Menurut Jimly, pernyataan demokrasi kebablasan yang disampaikan Jokowi sangat bertolak belakang dengan jargon pemerintahannya yakni 'kerja, kerja, kerja'.
"Keluhan-keluhan kebablasan boleh dikurangi, statement keluh kesah seperti itu. Kalau Pak SBY (Susilo Bambang Yudhoyono) rajin sekali dia kan, prihatin dan sebagainya. Yang penting kita bertindak," jelas Jimly dalam diskusi bertema 'Kebebasan. Demokrasi. Kebablasan'. di kawasan Menteng, Jakarta, Sabtu (25/2).
Menurutnya, tidak bisa dipungkiri bahwa demokrasi membuat pandangan seseorang terhadap fenomena politik yang terjadi berbeda-beda. Mantan ketua Mahkamah Konstitusi itu mencontohkan, di dalam aplikasi pesan singkat (what's up) terdapat grup yang berisikan orang-orang berbeda. Grup bisa dibuat hingga lebih dari satu dengan diisi orang yang berbeda pula. Faktanya, setiap orang di lima grup aplikasi memiliki pandangan dan persepsi masing-masing mengenai kondisi nasional yang terjadi sekarang.

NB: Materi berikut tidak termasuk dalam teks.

text \<open>
  Write sd = beta_t * sigma_fb and a = sqrt (2 ln (|X| t^2)).  By the Gaussian tail bound and a union
  bound over X, outside an event of probability at most 1/t^2 every sample f_t(x) lies within
  a * sd(x) of the posterior mean, which itself lies within sd(x) of f(x).  Call x unsaturated if
  f(x*) - f(x) <= (1 + a) sd(x), and let xb be the unsaturated point of least sd.  On the good
  event the regret of x_t is at most 2 (1 + a) sd(xb) + (1 + a) sd(x_t).  With probability at
  least p/5 the sample at x* exceeds its mean by one standard deviation while no saturated point
  is sampled high, which forces x_t to be unsaturated; hence sd(xb) <= (5/p) E sd(x_t).
  Finally sigma_fb <= e^C sigma_(t-1): each pending input z shrinks the posterior variance by at
  most the factor 1 + sigma(z)^2 / sn^2, and these factors multiply (Schur complements) to
  det (I + sn^-2 K_A) = exp (2 I(f; y_A)).\<close>

section \<open>Positive semidefinite kernels\<close>

lemma psd_kernel_sym: "psd_kernel X K \<Longrightarrow> x \<in> X \<Longrightarrow> y \<in> X \<Longrightarrow> K x y = K y x"
  unfolding psd_kernel_def by blast

lemma psd_kernel_quadratic_form_nonneg:
  "psd_kernel X K \<Longrightarrow> 0 \<le> (\<Sum>x\<in>X. \<Sum>y\<in>X. c x * c y * K x y)"
  unfolding psd_kernel_def by blast

lemma sum_nth_regroup:
  fixes v :: "nat \<Rightarrow> 'b::comm_semiring_1"
  assumes "finite X" "set ys \<subseteq> X"
  shows "(\<Sum>i<length ys. v i * g (ys!i)) =
    (\<Sum>x\<in>X. (\<Sum>i | i < length ys \<and> ys!i = x. v i) * g x)"
proof -
  have "(\<Sum>x\<in>X. (\<Sum>i | i < length ys \<and> ys!i = x. v i) * g x)
      = (\<Sum>x\<in>X. \<Sum>i\<in>{i\<in>{..<length ys}. ys!i = x}. v i * g (ys!i))"
  proof (intro sum.cong refl)
    fix x
    have "(\<Sum>i | i < length ys \<and> ys!i = x. v i) * g x = (\<Sum>i | i < length ys \<and> ys!i = x. v i * g (ys!i))"
      unfolding sum_distrib_right by (rule sum.cong) auto
    then show "(\<Sum>i | i < length ys \<and> ys!i = x. v i) * g x = (\<Sum>i\<in>{i\<in>{..<length ys}. ys!i = x}. v i * g (ys!i))"
      by simp
  qed
  also have "\<dots> = (\<Sum>i<length ys. v i * g (ys!i))"
    using assms by (intro sum.group) auto
  finally show ?thesis by simp
qed
text \<open>Partial summation, starting from nrm g powr -s = Y powr -s + integral over [nrm g, Y]
  of s x powr (-s - 1).\<close>

lemma sum_norm_between_powr_eq:
  assumes "0 < X" "X \<le> Y"
  shows "(\<Sum>g | X < nrm g \<and> nrm g \<le> Y. complex_of_real (nrm g) powr (- s)) =
           complex_of_real (N Y) * complex_of_real Y powr (- s)
         - complex_of_real (N X) * complex_of_real X powr (- s)
         + (LINT x:{X..Y}|lborel. complex_of_real (N x) * (s * complex_of_real x powr (- s - 1)))"
proof -
  define f where "f x = s * complex_of_real x powr (- s - 1)" for x :: real
  have f_int: "set_integrable lborel {X..Y} f"
    unfolding f_def using assms(1)
    by (intro borel_integrable_atLeastAtMost' continuous_intros continuous_on_of_real_powr) auto
  have Nf_int: "set_integrable lborel {X..Y} (\<lambda>x. complex_of_real (N x) * f x)"
    unfolding f_def using assms(1) count_nonneg count_mono
    by (intro set_integrable_Icc_bounded_mult_continuous[where B = "N Y"] continuous_intros
        continuous_on_of_real_powr) auto
  have "(\<Sum>g | X < nrm g \<and> nrm g \<le> Y. complex_of_real (nrm g) powr (- s)) =
          (\<Sum>g | X < nrm g \<and> nrm g \<le> Y. complex_of_real Y powr (- s) + (LINT x:{nrm g..Y}|lborel. f x))"
  proof (rule sum.cong[OF refl])
    fix g
    assume "g \<in> {g. X < nrm g \<and> nrm g \<le> Y}"
    with assms(1) show "complex_of_real (nrm g) powr (- s) =
                          complex_of_real Y powr (- s) + (LINT x:{nrm g..Y}|lborel. f x)"
      using set_integral_of_real_powr_Icc[of "nrm g" Y s] unfolding f_def by simp
  qed
  also have "\<dots> = complex_of_real (N Y - N X) * complex_of_real Y powr (- s)
                   + (LINT x:{X..Y}|lborel. complex_of_real (N x - N X) * f x)"
    using assms(2) f_int by (simp add: sum.distrib sum_set_integral_norm_between count_diff_eq_card)
  also have "(LINT x:{X..Y}|lborel. complex_of_real (N x - N X) * f x) =
               (LINT x:{X..Y}|lborel. complex_of_real (N x) * f x - complex_of_real (N X) * f x)"
    by (simp add: algebra_simps)
  also have "\<dots> = (LINT x:{X..Y}|lborel. complex_of_real (N x) * f x)
                   - complex_of_real (N X) * (LINT x:{X..Y}|lborel. f x)"
    using Nf_int f_int by simp
  also have "(LINT x:{X..Y}|lborel. f x) = complex_of_real X powr (- s) - complex_of_real Y powr (- s)"
    unfolding f_def using assms by (rule set_integral_of_real_powr_Icc)
  finally show ?thesis
    unfolding f_def by (simp add: algebra_simps)
qed

lemma norm_le_tendsto_finite_subsets:
  "filterlim (\<lambda>Y. {g. nrm g \<le> Y}) (finite_subsets_at_top UNIV) at_top"
  unfolding filterlim_finite_subsets_at_top
proof (intro allI impI)
  fix F :: "'a set"
  assume F: "finite F \<and> F \<subseteq> UNIV"
  have "\<forall>\<^sub>F Y in at_top. F \<subseteq> {g. nrm g \<le> Y}"
    using eventually_ge_at_top[of "Max (insert 0 (nrm ` F))"]
  proof eventually_elim
    case (elim Y)
    with F show ?case
      by (auto intro: order.trans[OF Max_ge])
  qed
  then show "\<forall>\<^sub>F Y in at_top. finite {g. nrm g \<le> Y} \<and> F \<subseteq> {g. nrm g \<le> Y} \<and> {g. nrm g \<le> Y} \<subseteq> UNIV"
    using finite_norm_le by simp
qed

end

locale count_asymptotics = norm_counting nrm for nrm :: "'a \<Rightarrow> real" +
  fixes A C \<gamma> x0 :: real
  assumes gamma_gt_1: "1 < \<gamma>"
    and x0_ge_3: "3 \<le> x0" \<comment> \<open>so that ln x >= 1 for x >= x0\<close>
    and C_nonneg: "0 \<le> C"
    and remainder_le: "\<And>x. x0 \<le> x \<Longrightarrow> \<bar>count_G nrm x - A * x\<bar> \<le> C * x / ln x powr \<gamma>"
begin

definition R :: "real \<Rightarrow> real" where
  "R x = N x - A * x"

definition count_slope :: real where
  "count_slope = \<bar>A\<bar> + C + N x0"

lemma borel_measurable_R [measurable]: "R \<in> borel_measurable borel"
  unfolding R_def by measurable

lemma count_slope_nonneg: "0 \<le> count_slope"
  unfolding count_slope_def using C_nonneg count_nonneg[of x0] by simp

lemma ln_ge_1: "x0 \<le> x \<Longrightarrow> 1 \<le> ln x"
  using exp_le x0_ge_3 by (subst ln_ge_iff) auto

lemma ln_powr_ge_1: "x0 \<le> x \<Longrightarrow> 1 \<le> ln x powr \<gamma>"
  using ln_ge_1 gamma_gt_1 by (simp add: ge_one_powr_ge_zero)

lemma count_le_linear:
  assumes "0 < x"
  shows "N x \<le> count_slope * x"
proof -
  consider "x < 1" | "1 \<le> x" "x \<le> x0" | "x0 \<le> x"
    by linarith
  then show ?thesis
  proof cases
    case 1
    then show ?thesis
      using count_eq_0 count_slope_nonneg assms by simp
  next
    case 2
    then have "N x0 \<le> N x0 * x"
      using count_nonneg[of x0] by (simp add: mult_le_cancel_left1)
    then have "N x \<le> N x0 * x"
      using count_mono[OF 2(2)] by linarith
    also have "\<dots> \<le> count_slope * x"
      unfolding count_slope_def using 2 C_nonneg by (intro mult_right_mono) auto
    finally show ?thesis .
  next
    case 3
    have "C * x / ln x powr \<gamma> \<le> C * x / 1"
      using assms C_nonneg ln_powr_ge_1[OF 3] by (intro divide_left_mono) auto
    then have "N x \<le> \<bar>A\<bar> * x + C * x"
      using remainder_le[OF 3] assms abs_ge_self[of A] mult_right_mono[of A "\<bar>A\<bar>" x] by linarith
    moreover have "0 \<le> N x0 * x"
      using assms count_nonneg[of x0] by simp
    ultimately show ?thesis
      unfolding count_slope_def by (simp only: distrib_right)
  qed
qed
(* Let $\alpha>0$ and let $a_1,\dots,a_N,b_1,\dots,b_{N-1}$ be independent with $a_i\sim\mathcal N(0,\alpha)$, $b_i\ge0$, $b_i^2\sim\frac\alpha2\chi^2(2i/\alpha)$; let $c_i=(b_i^2-i)/\sqrt i$. Let $\theta_N>1$ and for $1\le i\le N$ let $r_i=1+\sqrt{1-\frac{i-1}{N\theta_N^2}}$, $m_i=1-\sqrt{1-\frac{i-1}{N\theta_N^2}}$, $\gamma_i=m_i/r_i$; for $3\le i\le N$ let $\xi_i=\frac{a_i}{\sqrt N\theta_Nr_i}+\sqrt{\frac{m_i}{r_i}}\frac{c_{i-1}}{\sqrt N\theta_Nr_{i-1}}$, and let $L_2=0$, $L_i=\xi_i+\gamma_iL_{i-1}$. Then for any $3\le i\le N$, $L_i\in SG(v_{Li},u_{Li})$ with \[ v_{Li}=\frac{\alpha}{2N\theta_N^2(r_i-1)},\qquad u_{Li}=\frac{\alpha}{N\theta_N^2r_i^2}. \]
   Context: For $d>0$, $\chi^2(d)$ has density $\frac{1}{2^{d/2}\Gamma(d/2)}x^{d/2-1}e^{-x/2}\mathbf 1_{x>0}$. A centred random variable $X$ belongs to the sub-gamma family $SG(v,u)$ ($v>0$, $u\ge0$) if $\mathbf E e^{tX}\le\exp\!\big(\frac{t^2v}{2(1-u|t|)}\big)$ for all $t$ with $|t|<1/u$ (all $t\in\mathbb R$ if $u=0$). *)

theory Defs
  imports "HOL-Probability.Probability"
begin

definition chi2_density :: "real \<Rightarrow> real \<Rightarrow> real" where
  "chi2_density d x = (if x > 0 then
     1 / (2 powr (d/2) * Gamma (d/2)) * x powr (d/2 - 1) * exp (-x/2) else 0)"

definition sub_gamma :: "'a measure \<Rightarrow> ('a \<Rightarrow> real) \<Rightarrow> real \<Rightarrow> real \<Rightarrow> bool" where
  "sub_gamma M X v u \<longleftrightarrow> v > 0 \<and> u \<ge> 0 \<and>
     integrable M X \<and> (\<integral>x. X x \<partial>M) = 0 \<and>
     (\<forall>t::real. (u = 0 \<or> \<bar>t\<bar> < 1/u) \<longrightarrow>
        (\<integral>\<^sup>+x. ennreal (exp (t * X x)) \<partial>M) \<le> ennreal (exp (t^2 * v / (2 * (1 - u * \<bar>t\<bar>)))))"

definition r_coef :: "nat \<Rightarrow> real \<Rightarrow> nat \<Rightarrow> real" where
  "r_coef N \<theta> i = 1 + sqrt (1 - real (i - 1) / (real N * \<theta>^2))"

definition m_coef :: "nat \<Rightarrow> real \<Rightarrow> nat \<Rightarrow> real" where
  "m_coef N \<theta> i = 1 - sqrt (1 - real (i - 1) / (real N * \<theta>^2))"

definition gamma_coef :: "nat \<Rightarrow> real \<Rightarrow> nat \<Rightarrow> real" where
  "gamma_coef N \<theta> i = m_coef N \<theta> i / r_coef N \<theta> i"

definition c_var :: "(nat \<Rightarrow> 'a \<Rightarrow> real) \<Rightarrow> nat \<Rightarrow> 'a \<Rightarrow> real" where
  "c_var b i \<omega> = ((b i \<omega>)^2 - real i) / sqrt (real i)"

definition xi_var :: "nat \<Rightarrow> real \<Rightarrow> (nat \<Rightarrow> 'a \<Rightarrow> real) \<Rightarrow> (nat \<Rightarrow> 'a \<Rightarrow> real) \<Rightarrow> nat \<Rightarrow> 'a \<Rightarrow> real" where
  "xi_var N \<theta> a b i \<omega> =
     a i \<omega> / (sqrt (real N) * \<theta> * r_coef N \<theta> i)
     + sqrt (m_coef N \<theta> i / r_coef N \<theta> i) *
       (c_var b (i - 1) \<omega> / (sqrt (real N) * \<theta> * r_coef N \<theta> (i - 1)))"

text \<open>L_2 = 0 (and, by convention, L_i = 0 for i \<le> 2), L_i = \<xi>_i + \<gamma>_i L_{i-1} for i \<ge> 3.\<close>
fun L_var :: "nat \<Rightarrow> real \<Rightarrow> (nat \<Rightarrow> 'a \<Rightarrow> real) \<Rightarrow> (nat \<Rightarrow> 'a \<Rightarrow> real) \<Rightarrow> nat \<Rightarrow> 'a \<Rightarrow> real" where
  "L_var N \<theta> a b 0 = (\<lambda>\<omega>. 0)"
| "L_var N \<theta> a b (Suc n) = (if Suc n \<le> 2 then (\<lambda>\<omega>. 0) else
     (\<lambda>\<omega>. xi_var N \<theta> a b (Suc n) \<omega> + gamma_coef N \<theta> (Suc n) * L_var N \<theta> a b n \<omega>))"

end

theory Submission
  imports Defs
begin

text \<open>Sub-gamma bounds are stable under scaling and under sums of independent
  variables, because the moment generating function of such a sum factorises. The
  Gaussian entry \<open>a\<^sub>i\<close> lies in \<open>SG(\<alpha>, 0)\<close>, and the centred chi-square variable
  \<open>c\<^sub>i\<close> lies in \<open>SG(\<alpha>, \<alpha>/\<surd>i)\<close> by its explicit moment generating function and
  \<open>-ln(1 - x) - x \<le> x\<^sup>2 / (2(1 - |x|))\<close>. Since \<open>\<xi>\<^sub>i\<close> depends only on \<open>a\<^sub>i, b\<^sub>i\<^sub>-\<^sub>1\<close>
  while \<open>L\<^sub>i\<^sub>-\<^sub>1\<close> depends only on \<open>a\<^sub>3, \<dots>, a\<^sub>i\<^sub>-\<^sub>1, b\<^sub>2, \<dots>, b\<^sub>i\<^sub>-\<^sub>2\<close>, the two are
  independent, and the parameters propagate through \<open>L\<^sub>i = \<xi>\<^sub>i + \<gamma>\<^sub>i L\<^sub>i\<^sub>-\<^sub>1\<close> by
  induction from \<open>L\<^sub>2 = 0\<close>. With \<open>r = r\<^sub>i \<le> r' = r\<^sub>i\<^sub>-\<^sub>1\<close> and \<open>\<gamma>\<^sub>i = (2 - r)/r\<close>
  the variance step is the elementary inequality
  \<open>1/r\<^sup>2 + \<gamma>\<^sub>i/r'\<^sup>2 + \<gamma>\<^sub>i\<^sup>2/(2(r' - 1)) \<le> 1/(2(r - 1))\<close>.\<close>

section \<open>Sub-gamma variables\<close>

lemma sub_gamma_iff:
  "sub_gamma M X v u \<longleftrightarrow> v > 0 \<and> u \<ge> 0 \<and> integrable M X \<and> (\<integral>x. X x \<partial>M) = 0 \<and>
     (\<forall>t. u * \<bar>t\<bar> < 1 \<longrightarrow>
        (\<integral>\<^sup>+x. ennreal (exp (t * X x)) \<partial>M) \<le> ennreal (exp (t^2 * v / (2 * (1 - u * \<bar>t\<bar>)))))"
proof -
  have "(u = 0 \<or> \<bar>t\<bar> < 1/u) \<longleftrightarrow> u * \<bar>t\<bar> < 1" if "u \<ge> 0" for t :: real
    using that by (cases "u = 0") (auto simp: pos_less_divide_eq mult.commute)
  then show ?thesis
    by (cases "u \<ge> 0") (simp_all add: sub_gamma_def)
qed
(* For every integer $m\ge2$ and every $\alpha\in[0,1]$, every deterministic Condorcet consistent social choice rule on $m$ candidates has distortion at least $3-\frac{4(3+\alpha)}{m+2+m\alpha}$ on $\alpha$-decisive metric spaces. The same lower bound applies to selecting an arbitrary candidate from the matching uncovered set.
   Context: An election: voters $V=\{1,\dots,n\}$, a fixed finite set $C$ of $m$ candidates, a profile of linear orders $\sigma_i$ over $C$; $a\succeq_i c$ means $a=c$ or $i$ ranks $a$ above $c$; $\mathrm{top}(i)$ is $i$'s first choice. A distance function $d$ on $V\cup C$ is nonnegative, symmetric and satisfies the triangle inequality (co-location allowed); consistent with $\sigma$ if $d(i,c)\le d(i,c')$ whenever $i$ ranks $c$ above $c'$; $\alpha$-decisive if $d(i,\mathrm{top}(i))\le\alpha\,d(i,c)$ for all $i$ and $c\ne\mathrm{top}(i)$. $\mathrm{SC}(c)=\sum_i d(i,c)$. Distortion of a deterministic rule $f$ on $\alpha$-decisive spaces: $\sup_\sigma\sup_d\mathrm{SC}(f(\sigma))/\min_c\mathrm{SC}(c)$ over $\alpha$-decisive consistent $d$ (for "selecting an arbitrary candidate from a set", the worst choice in the set is taken). A Condorcet winner is a candidate $a$ such that for every other candidate $b$, at least $n/2$ voters prefer $a$ to $b$; a deterministic rule is Condorcet consistent if it outputs a Condorcet winner whenever one exists. The separation graph $G(a,b)$ has both sides copies of $V$ and edge $(i,j)$ iff some $c$ satisfies $a\succeq_i c$ and $c\succeq_j b$; the matching uncovered set is the set of $a$ such that $G(a,b)$ has a perfect matching for all $b$. *)

theory Defs
  imports Complex_Main "HOL-Library.Extended_Real"
begin

text \<open>A profile is a list of rankings;
voter i (for i < length P) has ranking P ! i, a list of all candidates
without repetition, most preferred first.  Points of the metric space are
Inl i (voter i) and Inr c (candidate c).\<close>

definition ranking :: "'c::finite list \<Rightarrow> bool" where
  "ranking r \<longleftrightarrow> distinct r \<and> set r = UNIV"

definition profile :: "'c::finite list list \<Rightarrow> bool" where
  "profile P \<longleftrightarrow> (\<forall>r \<in> set P. ranking r)"

definition voters :: "'c list list \<Rightarrow> nat set" where
  "voters P = {..<length P}"

definition prefers :: "'c list list \<Rightarrow> nat \<Rightarrow> 'c \<Rightarrow> 'c \<Rightarrow> bool" where
  "prefers P i a b \<longleftrightarrow> (\<exists>xs ys. P ! i = xs @ a # ys \<and> b \<in> set ys)"

definition weakly_prefers :: "'c list list \<Rightarrow> nat \<Rightarrow> 'c \<Rightarrow> 'c \<Rightarrow> bool" where
  "weakly_prefers P i a b \<longleftrightarrow> a = b \<or> prefers P i a b"

definition top :: "'c list list \<Rightarrow> nat \<Rightarrow> 'c" where
  "top P i = hd (P ! i)"

definition distance_function :: "'c list list \<Rightarrow> (nat + 'c \<Rightarrow> nat + 'c \<Rightarrow> real) \<Rightarrow> bool" where
  "distance_function P d \<longleftrightarrow>
     (let Pts = Inl ` voters P \<union> range Inr in
       (\<forall>x\<in>Pts. d x x = 0) \<and>
       (\<forall>x\<in>Pts. \<forall>y\<in>Pts. 0 \<le> d x y \<and> d x y = d y x) \<and>
       (\<forall>x\<in>Pts. \<forall>y\<in>Pts. \<forall>z\<in>Pts. d x z \<le> d x y + d y z))"

definition consistent :: "'c list list \<Rightarrow> (nat + 'c \<Rightarrow> nat + 'c \<Rightarrow> real) \<Rightarrow> bool" where
  "consistent P d \<longleftrightarrow>
     (\<forall>i\<in>voters P. \<forall>c c'. prefers P i c c' \<longrightarrow> d (Inl i) (Inr c) \<le> d (Inl i) (Inr c'))"

definition decisive :: "real \<Rightarrow> 'c list list \<Rightarrow> (nat + 'c \<Rightarrow> nat + 'c \<Rightarrow> real) \<Rightarrow> bool" where
  "decisive \<alpha> P d \<longleftrightarrow>
     (\<forall>i\<in>voters P. \<forall>c. c \<noteq> top P i \<longrightarrow>
        d (Inl i) (Inr (top P i)) \<le> \<alpha> * d (Inl i) (Inr c))"

definition SC :: "'c list list \<Rightarrow> (nat + 'c \<Rightarrow> nat + 'c \<Rightarrow> real) \<Rightarrow> 'c \<Rightarrow> real" where
  "SC P d c = (\<Sum>i\<in>voters P. d (Inl i) (Inr c))"

definition opt_SC :: "'c::finite list list \<Rightarrow> (nat + 'c \<Rightarrow> nat + 'c \<Rightarrow> real) \<Rightarrow> real" where
  "opt_SC P d = Min (range (SC P d))"

text \<open>Instances with optimal social
  cost 0 are excluded (a lower bound on this quantity is only stronger).\<close>
definition distortion :: "real \<Rightarrow> ('c::finite list list \<Rightarrow> 'c set) \<Rightarrow> ereal" where
  "distortion \<alpha> S = Sup {ereal (SC P d c / opt_SC P d) | P d c.
      profile P \<and> distance_function P d \<and> consistent P d \<and> decisive \<alpha> P d \<and>
      opt_SC P d > 0 \<and> c \<in> S P}"

definition condorcet_winner :: "'c list list \<Rightarrow> 'c \<Rightarrow> bool" where
  "condorcet_winner P a \<longleftrightarrow>
     (\<forall>b. b \<noteq> a \<longrightarrow> real (card {i\<in>voters P. prefers P i a b}) \<ge> real (length P) / 2)"

definition condorcet_consistent :: "('c::finite list list \<Rightarrow> 'c) \<Rightarrow> bool" where
  "condorcet_consistent f \<longleftrightarrow>
     (\<forall>P. profile P \<and> (\<exists>a. condorcet_winner P a) \<longrightarrow> condorcet_winner P (f P))"

definition sep_edge :: "'c list list \<Rightarrow> 'c \<Rightarrow> 'c \<Rightarrow> nat \<Rightarrow> nat \<Rightarrow> bool" where
  "sep_edge P a b i j \<longleftrightarrow> (\<exists>c. weakly_prefers P i a c \<and> weakly_prefers P j c b)"

definition has_perfect_matching :: "'c list list \<Rightarrow> 'c \<Rightarrow> 'c \<Rightarrow> bool" where
  "has_perfect_matching P a b \<longleftrightarrow>
     (\<exists>\<pi>. bij_betw \<pi> (voters P) (voters P) \<and> (\<forall>i\<in>voters P. sep_edge P a b i (\<pi> i)))"

definition matching_uncovered_set :: "'c list list \<Rightarrow> 'c set" where
  "matching_uncovered_set P = {a. \<forall>b. has_perfect_matching P a b}"

end

theory Submission
  imports Defs
begin

(* A Condorcet consistent rule selects the Condorcet winner, and the matching uncovered set
   contains it, so it suffices to exhibit profiles all of whose Condorcet winners are expensive.

   For m >= 5 write the candidates as w, x, c_1, ..., c_k with k = m - 2.  Voter i ranks c_i, w, x
   on top (i = 1..k) and k - 2 further voters rank x first and w last; w is the unique Condorcet
   winner.  Put every voter on its top candidate and let two distinct candidates be at distance 2
   if both or neither lie in {w, x}, and at distance 1 otherwise.  This metric is consistent and
   alpha-decisive for every alpha, since each voter is at distance 0 from its top, and
   SC(w) = 3k - 4 while SC(x) = k.

   For m <= 4 the rankings w x ... and x w ... make both w and x Condorcet winners.  On the real
   line with w at 0, x at 1 + alpha and the two voters at alpha and 1 + alpha, w costs 1 + 2 alpha
   times as much as x (and symmetrically for x).

   Both ratios dominate 3 - 4 (3 + alpha) / (m + 2 + m alpha). *)

lemma map_eq_replicate_if_const:
  "(\<And>y. y \<in> set xs \<Longrightarrow> f y = a) \<Longrightarrow> map f xs = replicate (length xs) a"
  by (induction xs) auto

lemma enumerate_finite_UNIV:
  fixes m :: nat
  assumes "card (UNIV :: 'c set) = m" and "2 \<le> m"
  obtains w x :: "'c::finite" and os where "distinct (w # x # os)" and "set (w # x # os) = UNIV"
    and "length os = m - 2"
proof -
  obtain cs :: "'c list" where cs: "distinct cs" "set cs = UNIV"
    using finite_distinct_list[OF finite_UNIV] by blast
  then have "length cs = m"
    using assms(1) distinct_card by fastforce
  then obtain w x os where "cs = w # x # os"
    using assms(2) by (metis Suc_le_length_iff numeral_2_eq_2)
  then show ?thesis
    using that cs \<open>length cs = m\<close> by auto
qed

fun ranks_above :: "'c list \<Rightarrow> 'c \<Rightarrow> 'c \<Rightarrow> bool" where
  "ranks_above [] a b \<longleftrightarrow> False"
| "ranks_above (c # r) a b \<longleftrightarrow> (c = a \<and> b \<in> set r) \<or> ranks_above r a b"

lemma ranks_above_iff: "ranks_above r a b \<longleftrightarrow> (\<exists>xs ys. r = xs @ a # ys \<and> b \<in> set ys)"
  by (induction r) (auto simp: Cons_eq_append_conv)

lemma prefers_iff_ranks_above: "prefers P i a b \<longleftrightarrow> ranks_above (P ! i) a b"
  by (simp add: prefers_def ranks_above_iff)

lemma ranks_above_in_set: "ranks_above r a b \<Longrightarrow> a \<in> set r \<and> b \<in> set r"
  by (induction r) auto

lemma ranks_above_sorted_le: "sorted (map g r) \<Longrightarrow> ranks_above r a b \<Longrightarrow> g a \<le> g b"
  by (induction r) auto

lemma card_prefers_eq_length_filter:
  "card {i \<in> voters P. prefers P i a b} = length (filter (\<lambda>r. ranks_above r a b) P)"
  by (simp add: length_filter_conv_card voters_def prefers_iff_ranks_above)

lemma condorcet_winner_iff_length_filter:
  "condorcet_winner P a \<longleftrightarrow>
     (\<forall>b. b \<noteq> a \<longrightarrow> real (length P) \<le> 2 * real (length (filter (\<lambda>r. ranks_above r a b) P)))"
  by (auto simp: condorcet_winner_def card_prefers_eq_length_filter)

lemma distance_function_pullback:
  fixes \<delta> :: "'a \<Rightarrow> 'a \<Rightarrow> real"
  assumes "\<And>p. \<delta> p p = 0" and "\<And>p q. \<delta> p q = \<delta> q p" and "\<And>p q s. \<delta> p s \<le> \<delta> p q + \<delta> q s"
  shows "distance_function P (\<lambda>u v. \<delta> (f u) (f v))"
proof -
  have "0 \<le> \<delta> p q" for p q
    using assms(3)[of p p q] assms(1)[of p] assms(2)[of q p] by linarith
  then show ?thesis
    unfolding distance_function_def Let_def using assms by blast
qed

lemma triangle_if_distances_in_1_2:
  fixes \<delta> :: "'a \<Rightarrow> 'a \<Rightarrow> real"
  assumes "\<And>p. \<delta> p p = 0" and "\<And>p q. p \<noteq> q \<Longrightarrow> 1 \<le> \<delta> p q \<and> \<delta> p q \<le> 2"
  shows "\<delta> p s \<le> \<delta> p q + \<delta> q s"
  using assms(2)[of p q] assms(2)[of q s] assms(2)[of p s] assms(1)
  by (cases "p = q"; cases "q = s"; cases "p = s") auto

context
  fixes P :: "'c list list" and d :: "nat + 'c \<Rightarrow> nat + 'c \<Rightarrow> real" and g :: "'c list \<Rightarrow> 'c \<Rightarrow> real"
  assumes voter_cost: "\<And>i c. i < length P \<Longrightarrow> d (Inl i) (Inr c) = g (P ! i) c"
begin

lemma SC_eq_sum_list: "SC P d c = (\<Sum>r\<leftarrow>P. g r c)"
  by (simp add: SC_def voters_def sum_list_sum_nth atLeast0LessThan voter_cost)

lemma consistent_if_sorted:
  assumes "\<And>r. r \<in> set P \<Longrightarrow> sorted (map (g r) r)"
  shows "consistent P d"
  unfolding consistent_def voters_def prefers_iff_ranks_above
proof (intro ballI allI impI)
  fix i c c' assume "i \<in> {..<length P}" and "ranks_above (P ! i) c c'"
  then show "d (Inl i) (Inr c) \<le> d (Inl i) (Inr c')"
    using ranks_above_sorted_le[OF assms[OF nth_mem]] by (simp add: voter_cost)
qed

lemma decisive_if_top_close:
  assumes "\<And>r c. r \<in> set P \<Longrightarrow> c \<noteq> hd r \<Longrightarrow> g r (hd r) \<le> \<alpha> * g r c"
  shows "decisive \<alpha> P d"
  unfolding decisive_def voters_def top_def using assms by (simp add: voter_cost)

end

lemma opt_SC_le: "opt_SC P d \<le> SC P d c"
  unfolding opt_SC_def by (rule Min_le) auto

lemma opt_SC_pos: "(\<And>c. 0 < SC P d c) \<Longrightarrow> 0 < opt_SC P d"
  unfolding opt_SC_def by (subst Min_gr_iff) auto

"Soal kebablasan ini bukan karena sistem demokrasi itu tetapi karena perkembangan teknologi juga. Kan baru ini kita punya grup WA. Dan di grup itu gambaran di kita yang sangat plural yang diwadahi oleh grup di WA itu. Artinya kita menerima kenyataan ada perkembangan baru seperti ini tetapi keluhan-keluhan kebablasan bolehlah dikurangi," pungkas Jimly.